RECORDS SUPPLIED Block Start

text \<open>A walk \<open>xs\<close> has \<open>length xs - 1\<close> edges, so a closed walk of even length is a closed walk
  with an odd number of edges. At a repeated vertex it splits into two shorter closed walks,
  one of which is again odd.\<close>

lemma closed_walk_odd_imp_odd_cycle:
  assumes "walk E xs" "hd xs = last xs" "even (length xs)"
  shows "has_odd_cycle E"
  using assms
proof (induction "length xs" arbitrary: xs rule: less_induct)
  case less
  obtain vs z where xs: "xs = vs @ [z]"
    using less.prems(1) by (metis rev_exhaust walk_Nil)
  then have "vs \<noteq> []" and odd_vs: "odd (length vs)"
    using less.prems(3) by auto
  have z: "z = hd vs" "adj E (last vs) z" and walk_vs: "walk E vs"
    using less.prems \<open>vs \<noteq> []\<close> walk_snoc[OF \<open>vs \<noteq> []\<close>] unfolding xs by auto
  show ?thesis
  proof (cases "distinct vs")
    case True
    have "length vs \<noteq> 1"
      using z by (auto simp: length_Suc_conv adj_def)
    then have "3 \<le> length vs"
      using odd_vs \<open>vs \<noteq> []\<close> by presburger
    then show ?thesis
      unfolding has_odd_cycle_def using True walk_vs z odd_vs by auto
  next
    case False
    then obtain as y bs cs where vs: "vs = as @ [y] @ bs @ [y] @ cs"
      using not_distinct_decomp by blast
    define short where "short = as @ y # cs @ [z]"
    define loop where "loop = y # bs @ [y]"
    have "xs = as @ y # ((bs @ [y]) @ cs @ [z])"
      unfolding xs vs by simp
    then have "walk E (as @ [y])" and "walk E (y # (bs @ [y]) @ cs @ [z])"
      using less.prems(1) walk_append_iff[of E as y "(bs @ [y]) @ cs @ [z]"] by simp_all
    then have "walk E (as @ [y])" "walk E loop" "walk E (y # cs @ [z])"
      using walk_append_iff[of E "y # bs" y "cs @ [z]"] unfolding loop_def by auto
    then have "walk E short"
      unfolding short_def using walk_append_iff[of E as y "cs @ [z]"] by blast
    have "length short + length loop = length xs + 1"
      unfolding short_def loop_def xs vs by simp
    then have "even (length short) \<or> even (length loop)"
      using less.prems(3) by presburger
    moreover have "hd short = last short" "hd loop = last loop"
      using less.prems(2) unfolding short_def loop_def xs vs by (cases as; simp)+
    moreover have "length short < length xs" "length loop < length xs"
      unfolding short_def loop_def xs vs by simp_all
    ultimately show ?thesis
      using less.hyps \<open>walk E short\<close> \<open>walk E loop\<close> by blast
  qed
qed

RECORDS SUPPLIED Block End

● **TASK DETAILS**: Look above for the line holding "then show ?thesis". Print it and every line after it, exactly, through the line holding "short + length".

● **ANSWER BELOW**:
    then show ?thesis
      unfolding has_odd_cycle_def using True walk_vs z odd_vs by auto
  next
    case False
    then obtain as y bs cs where vs: "vs = as @ [y] @ bs @ [y] @ cs"
      using not_distinct_decomp by blast
    define short where "short = as @ y # cs @ [z]"
    define loop where "loop = y # bs @ [y]"
    have "xs = as @ y # ((bs @ [y]) @ cs @ [z])"
      unfolding xs vs by simp
    then have "walk E (as @ [y])" and "walk E (y # (bs @ [y]) @ cs @ [z])"
      using less.prems(1) walk_append_iff[of E as y "(bs @ [y]) @ cs @ [z]"] by simp_all
    then have "walk E (as @ [y])" "walk E loop" "walk E (y # cs @ [z])"
      using walk_append_iff[of E "y # bs" y "cs @ [z]"] unfolding loop_def by auto
    then have "walk E short"
      unfolding short_def using walk_append_iff[of E as y "cs @ [z]"] by blast
    have "length short + length loop = length xs + 1"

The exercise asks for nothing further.